I also find it troublesome that this is a conference paper, reported via the press release. This (unrepresented) conference paper hasn't been peer reviewed in the manner of a journal paper - that is a fundamental issue here. We cant be sure that this paper and the findings have been through the academic mill and actually stand up to rigorous analysis.

Finally, and this is often a criticism of academic papers - if you actually download and read the paper, I challenge you to actually understand the majority of the narrative and charts presented. Papers like this are not written for the people whom they proport to be aimed at (teachers, education decision makers). They are written for the small, closed community of academics who both have the time and experience to actually decipher them. As a teacher, member of SLT or school governor the paper is rich with data but the nuances of (over) analysis make interpretation very challenging.
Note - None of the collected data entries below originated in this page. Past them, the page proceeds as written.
text \<open>Let \<open>P\<close> be the set of coloured vertices and \<open>Z\<close> the set of uncoloured ones.
  Every \<open>v \<in> Z\<close> needs in-neighbours carrying all \<open>k\<close> colours, so counting each colour
  of a vertex \<open>u \<in> P\<close> once for each out-neighbour of \<open>u\<close> in \<open>Z\<close> gives
  \<open>k |Z| \<le> \<Delta>\<^sup>+ \<omega>(f)\<close>. Totality makes this strict: some \<open>u \<in> P\<close> has an
  out-neighbour in \<open>P\<close>, hence fewer than \<open>\<Delta>\<^sup>+\<close> out-neighbours in \<open>Z\<close>. Together with
  \<open>|P| \<le> \<omega>(f)\<close> this yields \<open>k n + 1 \<le> (\<Delta>\<^sup>+ + k) \<omega>(f)\<close>. The directed 2-cycle,
  where both vertices must be coloured, attains the bound.\<close>

lemma kRDF_card_le:
  assumes "kRDF k V A f"
  shows "card (f v) \<le> k"
  using assms card_mono[of "{1..k}" "f v"] by (cases "v \<in> V") (auto simp: kRDF_def)

lemma kRDF_finite:
  assumes "kRDF k V A f"
  shows "finite (f v)"
  using assms by (cases "v \<in> V") (auto simp: kRDF_def intro: finite_subset)

lemma kRDF_weight_le:
  assumes "kRDF k V A f"
  shows "weight V f \<le> k * card V"
proof -
  have "weight V f \<le> (\<Sum>v\<in>V. k)"
    unfolding weight_def using kRDF_card_le[OF assms] by (rule sum_mono)
  then show ?thesis by (simp add: mult.commute)
qed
However, there are some nuggets in the body of the paper though - the author finds that lower ability mathematicians are more negatively effected by afternoon lessons (no surprise there), that learners with higher absences do less well (shock), that unexplained absences are higher in the afternoon than the morning (again no surprise).

This demonstrates a few things:
(1) When the media promotes a story, please link to the actual paper
(2) That teachers need to be research literate and actually look for the papers mentioned in the news briefings
(3) That academics need to write papers keeping in mind who they are attempting to influence
(4) That just because it's in the paper, doesn't mean that we need to act upon it.